I think cors runs first, when the connection is established, and does not know anything about the endpoint itself ("1/*") so it cannot be used at the Group granularity level.

[sify21]

I had to add an options mapping to each endpoint

[OhBonsai]

web browser will send OPTIONS to check CORS policy before request. In common secranio. router only define specific method like get, post. SO when server recieve options method. It will reconginze this route is not registed. then code run into default middleware

// Use attaches a global middleware to the router. ie. the middleware attached though Use() will be
// included in the handlers chain for every single request.
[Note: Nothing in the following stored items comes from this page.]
lemma laplacian_plus_component_proj_inj:
  assumes F: "simple_graph n F" and w: "\<forall>e\<in>F. 0 < w e" and x: "x \<in> carrier_vec n"
    and "(laplacian n F w + component_proj n F) *\<^sub>v x = 0\<^sub>v n"
  shows "x = 0\<^sub>v n"
proof -
  let ?L = "laplacian n F w" and ?P = "component_proj n F"
  have Px: "x \<bullet> (?P *\<^sub>v x) = (?P *\<^sub>v x) \<bullet> (?P *\<^sub>v x)"
    by (rule symmetric_idempotent_quadratic_form[OF component_proj_carrier
          transpose_component_proj component_proj_idem x])
  have "x \<bullet> (?L *\<^sub>v x) + x \<bullet> (?P *\<^sub>v x) = x \<bullet> ((?L + ?P) *\<^sub>v x)"
    using add_mult_distrib_mat_vec[OF laplacian_carrier component_proj_carrier x]
      scalar_prod_add_distrib[OF x mult_mat_vec_carrier[OF laplacian_carrier x]
        mult_mat_vec_carrier[OF component_proj_carrier x]]
    by simp
  also have "\<dots> = 0" using assms(4) x by simp
  finally have sum0: "x \<bullet> (?L *\<^sub>v x) + (?P *\<^sub>v x) \<bullet> (?P *\<^sub>v x) = 0" unfolding Px .
  have L0: "x \<bullet> (?L *\<^sub>v x) = 0" and P0: "(?P *\<^sub>v x) \<bullet> (?P *\<^sub>v x) = 0"
    using sum0 laplacian_quadratic_form_nonneg[OF F w x] scalar_prod_self_nonneg[of "?P *\<^sub>v x"]
    by linarith+
  have "const_on_components n F x" by (rule const_on_components_of_laplacian_quadratic_form_eq_0[OF F w x L0])
  then have "?P *\<^sub>v x = x" by (rule component_proj_fixes[OF x])
  then show ?thesis using scalar_prod_self_eq_0[OF P0] x by simp
qed

lemma laplacian_pinv:
  assumes "simple_graph n F" "\<forall>e\<in>F. 0 < w e"
  shows "pinv (laplacian n F w) \<in> carrier_mat n n"
    and "laplacian n F w * pinv (laplacian n F w) = 1\<^sub>m n - component_proj n F"
  using mult_pinv_kernel_projection[OF laplacian_carrier component_proj_carrier
      transpose_laplacian transpose_component_proj component_proj_idem
      laplacian_mult_component_proj[OF assms(1)] laplacian_plus_component_proj_inj[OF assms]]
  by simp_all

section \<open>Effective resistance\<close>

lemma eff_res_potential_bound:
  assumes F: "simple_graph n F" and w: "\<forall>e\<in>F. 0 < w e" and u: "u < n" and v: "v < n"
    and uv: "(u, v) \<in> (edge_rel F)\<^sup>*" and x: "x \<in> carrier_vec n"
  shows "0 \<le> eff_res (laplacian n F w) u v"
    and "(x $ u - x $ v)\<^sup>2 \<le> eff_res (laplacian n F w) u v * (x \<bullet> (laplacian n F w *\<^sub>v x))"
proof -
  let ?L = "laplacian n F w"
  define b where "b = bvec n u v"
  define y where "y = pinv ?L *\<^sub>v b"
  have b: "b \<in> carrier_vec n" unfolding b_def by simp
  have y: "y \<in> carrier_vec n"
    unfolding y_def using laplacian_pinv(1)[OF F w] b by simp
  have "?L *\<^sub>v y = (1\<^sub>m n - component_proj n F) *\<^sub>v b"
    unfolding y_def using laplacian_pinv[OF F w] b
    by (simp add: assoc_mult_mat_vec[symmetric, of _ n n _ n])
  also have "\<dots> = b"
    using b component_proj_bvec[OF uv u v] unfolding b_def
    by (simp add: minus_mult_distrib_mat_vec[of _ n n])
  finally have Ly: "?L *\<^sub>v y = b" .
  have transfer: "b \<bullet> z = y \<bullet> (?L *\<^sub>v z)" if "z \<in> carrier_vec n" for z
    using transpose_vec_mult_scalar[OF laplacian_carrier[of n F w] that y] by (simp add: Ly)
  have R: "eff_res ?L u v = y \<bullet> (?L *\<^sub>v y)"
    using transfer[OF y] unfolding eff_res_def b_def y_def by simp
  show "0 \<le> eff_res ?L u v"
    unfolding R by (rule laplacian_quadratic_form_nonneg[OF F w y])
  have "(x $ u - x $ v)\<^sup>2 = (\<Sum>e\<in>F. w e * ((edge_vec n e \<bullet> y) * (edge_vec n e \<bullet> x)))\<^sup>2"
    using transfer[OF x] bvec_scalar_prod[OF u v x] scalar_prod_laplacian[OF F x y]
    unfolding b_def by simp
  also have "\<dots> \<le> (\<Sum>e\<in>F. w e * (edge_vec n e \<bullet> y)\<^sup>2) * (\<Sum>e\<in>F. w e * (edge_vec n e \<bullet> x)\<^sup>2)"
    using w by (intro weighted_Cauchy_Schwarz_sum) (simp add: less_imp_le)
  also have "\<dots> = eff_res ?L u v * (x \<bullet> (?L *\<^sub>v x))"
    unfolding R laplacian_quadratic_form[OF F y] laplacian_quadratic_form[OF F x] ..
  finally show "(x $ u - x $ v)\<^sup>2 \<le> eff_res ?L u v * (x \<bullet> (?L *\<^sub>v x))" .
qed

section \<open>Capped hop distance\<close>

lemma walk_of_len_refl: "walk_of_len F u u 0"
  unfolding walk_of_len_def by (intro exI[of _ "[u]"]) simp

lemma walk_of_len_snoc:
  assumes "walk_of_len F u a k" "{a, b} \<in> F"
  shows "walk_of_len F u b (Suc k)"
proof -
  obtain p where p: "length p = Suc k" "hd p = u" "last p = a" "\<forall>i<k. {p ! i, p ! Suc i} \<in> F"
    using assms(1) unfolding walk_of_len_def by blast
  have "p \<noteq> []" using p(1) by auto
  then have "p ! k = a" using p(1,3) by (simp add: last_conv_nth)
  then have "\<forall>i<Suc k. {(p @ [b]) ! i, (p @ [b]) ! Suc i} \<in> F"
    using p(1,4) assms(2) by (auto simp: nth_append less_Suc_eq)
  then show ?thesis
    unfolding walk_of_len_def using p(1,2) \<open>p \<noteq> []\<close> by (intro exI[of _ "p @ [b]"]) auto
qed

lemma walk_of_len_imp_rtrancl:
  assumes "walk_of_len F u v k"
  shows "(u, v) \<in> (edge_rel F)\<^sup>*"
proof -
  obtain p where p: "length p = Suc k" "hd p = u" "last p = v" "\<forall>i<k. {p ! i, p ! Suc i} \<in> F"
    using assms unfolding walk_of_len_def by blast
  have "p \<noteq> []" using p(1) by auto
  have "(u, p ! i) \<in> (edge_rel F)\<^sup>*" if "i \<le> k" for i
    using that
  proof (induction i)
    case 0
    then show ?case using \<open>p \<noteq> []\<close> p(2) by (simp add: hd_conv_nth)
  next
    case (Suc i)
    then have "(p ! i, p ! Suc i) \<in> edge_rel F" using p(4) by (simp add: edge_rel_def)
    with Suc show ?case by (simp add: rtrancl_into_rtrancl)
  qed
  then have "(u, p ! k) \<in> (edge_rel F)\<^sup>*" by simp
  moreover have "p ! k = v" using p(1,3) \<open>p \<noteq> []\<close> by (simp add: last_conv_nth)
  ultimately show ?thesis by simp
qed

lemma walk_of_len_hop_dist:
  assumes "hop_dist F u v = enat s"
  shows "walk_of_len F u v s" "walk_of_len F u v k \<Longrightarrow> s \<le> k"
proof -
  have ex: "\<exists>k. walk_of_len F u v k"
    using assms unfolding hop_dist_def by (auto split: if_splits)
  then have s: "s = (LEAST k. walk_of_len F u v k)"
    using assms unfolding hop_dist_def by simp
  show "walk_of_len F u v s" unfolding s by (rule LeastI_ex[OF ex])
  show "walk_of_len F u v k \<Longrightarrow> s \<le> k" unfolding s by (rule Least_le)
qed

definition capped_hop_dist :: "nat set set \<Rightarrow> nat \<Rightarrow> nat \<Rightarrow> nat \<Rightarrow> nat" where
  "capped_hop_dist F u s i = (LEAST k. walk_of_len F u i k \<or> k = s)"

lemma capped_hop_dist_le: "capped_hop_dist F u s i \<le> s"
  unfolding capped_hop_dist_def by (rule Least_le) simp

lemma capped_hop_dist_self: "capped_hop_dist F u s u = 0"
  unfolding capped_hop_dist_def using walk_of_len_refl by (intro Least_eq_0) blast

lemma capped_hop_dist_edge:
  assumes "{a, b} \<in> F"
  shows "capped_hop_dist F u s b \<le> capped_hop_dist F u s a + 1"
proof (cases "capped_hop_dist F u s a = s")
  case True
  then show ?thesis using capped_hop_dist_le[of F u s b] by simp
next
  case False
  have "walk_of_len F u a (capped_hop_dist F u s a) \<or> capped_hop_dist F u s a = s"
    unfolding capped_hop_dist_def by (rule LeastI[of _ s]) simp
  with False have "walk_of_len F u b (Suc (capped_hop_dist F u s a))"
    using walk_of_len_snoc assms by blast
  then show ?thesis unfolding capped_hop_dist_def by (simp add: Least_le)
qed

lemma capped_hop_dist_target:
  assumes "hop_dist F u v = enat s"
  shows "capped_hop_dist F u s v = s"
  unfolding capped_hop_dist_def
  by (rule Least_equality) (auto dest: walk_of_len_hop_dist(2)[OF assms])

lemma laplacian_energy_capped_hop_dist:
  fixes u s :: nat
  assumes F: "simple_graph n F" and w: "\<forall>e\<in>F. 0 < w e"
  defines "x \<equiv> vec n (\<lambda>i. real (capped_hop_dist F u s i))"
  shows "x \<bullet> (laplacian n F w *\<^sub>v x) \<le> (\<Sum>e\<in>F. w e)"
proof -
  have x: "x \<in> carrier_vec n" unfolding x_def by simp
  have "(edge_vec n e \<bullet> x)\<^sup>2 \<le> 1" if "e \<in> F" for e
  proof -
    obtain a b where ab: "a < n" "b < n" "a \<noteq> b" and e: "e = {a, b}"
      using F \<open>e \<in> F\<close> unfolding simple_graph_def by blast
    have "capped_hop_dist F u s b \<le> capped_hop_dist F u s a + 1"
      "capped_hop_dist F u s a \<le> capped_hop_dist F u s b + 1"
      using capped_hop_dist_edge \<open>e \<in> F\<close> e by (auto simp: insert_commute)
    then have "\<bar>x $ a - x $ b\<bar> \<le> 1" unfolding x_def using ab by simp
    then show ?thesis
      unfolding e using abs_edge_vec_scalar_prod[OF ab x] by (simp add: abs_square_le_1)
  qed
  then have "(\<Sum>e\<in>F. w e * (edge_vec n e \<bullet> x)\<^sup>2) \<le> (\<Sum>e\<in>F. w e)"
    using w by (intro sum_mono) (simp add: mult_left_le less_imp_le)
  then show ?thesis by (simp add: laplacian_quadratic_form[OF F x])
qed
Even 404, 405, static files...
// For example, this is the right place for a logger or error management middleware.
func (engine *Engine) Use(middleware ...HandlerFunc) IRoutes {
    engine.RouterGroup.Use(middleware...)
    engine.rebuild404Handlers()
    engine.rebuild405Handlers()
    return engine
}

use cors middlware in default group!!!

[jub0bs]

The root cause of this issue lies in Gin's router, not in rs/cors. See https://github.com/gin-gonic/gin/issues/531.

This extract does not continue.